Smith brings in new cars each week, bought from Facebook Marketplace, traded for other cars, or found by friends. Each one has a story and each one becomes a new obsession.

There’s the 1929 Ford Model A Pickup the crew got working one Saturday night, and call “Scrappy” because they use it for trips to the scrapyard.

“Sometimes it breaks down, sometimes it runs hot,” Smith said. “It gets a hoot every time I pull into the scrapyard, and they ask if it’s getting scrapped with everything else.”

“The answer is always, ‘No,’” Binder quickly added.

The Madison Street shop is packed with old cars, the couple’s lounging dogs, Chance and Maggie, and a rotating cast of mechanics, including Cory McGrath, 37, a Deadbeaters veteran.

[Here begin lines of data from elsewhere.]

(* For every DBI normal formula $\varphi$ and every pointed Kripke model $(\mathcal{M},v)$, the pointed update of $(\mathcal{M},v)$ with $(\mathcal{U}_\varphi,0)$ is defined and $\mathcal{M}\odot\mathcal{U}_\varphi,(v,0)\vDash\varphi$.
   Context: Agents $\mathcal{A}=\{1,\dots,n\}$, $n>1$; language $\mathcal{L}$: $\varphi ::= p \mid \neg\varphi \mid (\varphi\wedge\varphi)\mid B_i\varphi$, with $\top$ the usual tautology. Kripke model $\mathcal{M}=\langle S,R,V\rangle$ (nonempty $S$, $R_i\subseteq S\times S$, $V:\mathit{Prop}\to 2^S$), standard truth ($\mathcal{M},w\vDash B_i\varphi$ iff $\varphi$ holds at all $R_i$-successors). Action model $\mathcal{U}=\langle E,Q,\mathsf{pre}\rangle$ (nonempty $E$, $Q_i\subseteq E\times E$, $\mathsf{pre}:E\to\mathcal{L}$). Pointed update of $(\mathcal{M},w)$ with $(\mathcal{U},\alpha)$, defined iff $\mathcal{M},w\vDash\mathsf{pre}(\alpha)$: with $T=\{(x,\beta)\in S\times E\mid\mathcal{M},x\vDash\mathsf{pre}(\beta)\}$, $\mathcal{M}\odot\mathcal{U}=\langle S^{\mathcal U},R^{\mathcal U},V^{\mathcal U}\rangle$, where $S^{\mathcal U}$ is the smallest subset of $T$ containing $(w,\alpha)$ closed under: $(x,\beta)\in S^{\mathcal U}$, $(u,\gamma)\in T$, $xR_iu$, $\beta Q_i\gamma$ imply $(u,\gamma)\in S^{\mathcal U}$; $R^{\mathcal U}_i$ relates $(x,\beta),(u,\gamma)\in S^{\mathcal U}$ iff $xR_iu$ and $\beta Q_i\gamma$; $V^{\mathcal U}(p)=\{(x,\beta)\in S^{\mathcal U}\mid x\in V(p)\}$. The resulting pointed model is $(\mathcal{M}\odot\mathcal{U},(w,\alpha))$. Target agents: $\mathsf{ta}(p)=\varnothing$, $\mathsf{ta}(\neg\phi)=\mathsf{ta}(\phi)$, $\mathsf{ta}(\phi\wedge\psi)=\mathsf{ta}(\phi)\cup\mathsf{ta}(\psi)$, $\mathsf{ta}(B_i\phi)=\{i\}$. DBI formulas: $\varphi ::= B_i\xi \mid B_i(\xi\wedge\varphi)\mid(\varphi\wedge\varphi)\mid B_i\varphi$ with $\xi$ purely propositional. DBI normal: $B_i\xi$ always; $B_i\varphi$ and $B_i(\xi\wedge\varphi)$ iff $\varphi$ is DBI normal and $i\notin\mathsf{ta}(\varphi)$; $\varphi\wedge\psi$ iff both are DBI normal and $\mathsf{ta}(\varphi)\cap\mathsf{ta}(\psi)=\varnothing$. The action model $\mathcal{U}_\varphi=\langle E^\varphi,Q^\varphi,\mathsf{pre}^\varphi\rangle$ for DBI normal $\varphi$ is defined recursively; always $E^\varphi=\{0,-1\}\sqcup D^\varphi$ with $\varnothing\neq D^\varphi\subseteq\{1,2,\dots\}$, $\mathsf{pre}^\varphi(0)=\mathsf{pre}^\varphi(-1)=\top$. For a relation $Q_j$ write $\underline{Q}_j=Q_j\cap((E\setminus\{0\})\times(E\setminus\{0\}))$. (1) $\varphi=B_i\xi$, $\xi$ propositional: $D^\varphi=\{m\}$, $\mathsf{pre}(m)=\xi$, $Q_j=\{(0,-1),(m,-1),(-1,-1)\}$ for $j\neq i$, $Q_i=\{(0,m),(m,m),(-1,-1)\}$. (2) $\varphi=B_i\psi$, $\psi$ DBI normal: with a fresh $m\geq1$, $m\notin D^\psi$, let $D^\varphi=D^\psi\sqcup\{m\}$, $\mathsf{pre}^\varphi$ extends $\mathsf{pre}^\psi$ by $\mathsf{pre}^\varphi(m)=\top$, $Q^\varphi_j=\underline{Q}^\psi_j\cup\{(0,-1)\}\cup\{(m,k)\mid(0,k)\in Q^\psi_j\}$ for $j\neq i$, and $Q^\varphi_i=\underline{Q}^\psi_i\cup\{(0,m),(m,m)\}$. (3) $\varphi=B_i(\xi\wedge\psi)$, $\xi$ propositional, $\psi$ DBI normal: as in (2) except $\mathsf{pre}^\varphi(m)=\xi$. (4) $\varphi=\psi\wedge\theta$ with $\psi,\theta$ DBI normal: rename so that $D^\psi\cap D^\theta=\varnothing$; $D^\varphi=D^\psi\sqcup D^\theta$, $\mathsf{pre}^\varphi=\mathsf{pre}^\psi\cup\mathsf{pre}^\theta$, and for every $j$: $Q^\varphi_j=\underline{Q}^\psi_j\cup\underline{Q}^\theta_j\cup\{(0,k)\mid (0,k)\in Q^\psi_j\cup Q^\theta_j,\ k\in D^\psi\sqcup D^\theta\}\cup\{(0,-1)\mid \text{there is no } k\in D^\psi\sqcup D^\theta \text{ with } (0,k)\in Q^\psi_j\cup Q^\theta_j\}$. *)

theory Defs
  imports Main "HOL-Library.Cardinality"
begin

datatype ('ag, 'p) fm =
    Atom 'p
  | Neg "('ag, 'p) fm"
  | Conj "('ag, 'p) fm" "('ag, 'p) fm"
  | Bel 'ag "('ag, 'p) fm"

definition top :: "('ag, 'p) fm" where
  "top = Neg (Conj (Atom undefined) (Neg (Atom undefined)))"

primrec propositional :: "('ag, 'p) fm \<Rightarrow> bool" where
  "propositional (Atom p) = True"
| "propositional (Neg f) = propositional f"
| "propositional (Conj f g) = (propositional f \<and> propositional g)"
| "propositional (Bel i f) = False"

primrec ta :: "('ag, 'p) fm \<Rightarrow> 'ag set" where
  "ta (Atom p) = {}"
| "ta (Neg f) = ta f"
| "ta (Conj f g) = ta f \<union> ta g"
| "ta (Bel i f) = {i}"

inductive dbi_normal :: "('ag, 'p) fm \<Rightarrow> bool" where
  nprop: "propositional \<xi> \<Longrightarrow> dbi_normal (Bel i \<xi>)"
| bel: "dbi_normal \<phi> \<Longrightarrow> i \<notin> ta \<phi> \<Longrightarrow> dbi_normal (Bel i \<phi>)"
| belc: "propositional \<xi> \<Longrightarrow> dbi_normal \<phi> \<Longrightarrow> i \<notin> ta \<phi>
          \<Longrightarrow> dbi_normal (Bel i (Conj \<xi> \<phi>))"
| conj: "dbi_normal \<phi> \<Longrightarrow> dbi_normal \<psi> \<Longrightarrow> ta \<phi> \<inter> ta \<psi> = {}
          \<Longrightarrow> dbi_normal (Conj \<phi> \<psi>)"

record ('ag, 's, 'p) kmodel =
  St :: "'s set"
  Rel :: "'ag \<Rightarrow> ('s \<times> 's) set"
  Val :: "'p \<Rightarrow> 's set"

definition kripke :: "('ag, 's, 'p) kmodel \<Rightarrow> bool" where
  "kripke M \<longleftrightarrow> St M \<noteq> {} \<and> (\<forall>i. Rel M i \<subseteq> St M \<times> St M) \<and> (\<forall>p. Val M p \<subseteq> St M)"

primrec sat :: "('ag, 's, 'p) kmodel \<Rightarrow> 's \<Rightarrow> ('ag, 'p) fm \<Rightarrow> bool" where
  "sat M w (Atom p) = (w \<in> Val M p)"
| "sat M w (Neg f) = (\<not> sat M w f)"
| "sat M w (Conj f g) = (sat M w f \<and> sat M w g)"
| "sat M w (Bel i f) = (\<forall>u. (w, u) \<in> Rel M i \<longrightarrow> sat M u f)"

record ('ag, 'e, 'p) amodel =
  AE :: "'e set"
  AQ :: "'ag \<Rightarrow> ('e \<times> 'e) set"
  Apre :: "'e \<Rightarrow> ('ag, 'p) fm"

Everything from punk to classical to rockabilly blares over the speakers. The space is decorated as much like a rock club as it is an auto shop.

On a recent visit, Smith tinkered with a 1955 Pontiac that will be more like a 1960s supercharged Street Freak gasser when he’s done with it. And Binder showed off a 1959 Thunderbird — “Just like the one Elvira had,” she said, proudly — that has become her latest passion project.

“It’s a bit of a rot bucket, and it needs our love,” she said. “But that’s what we’re here for.”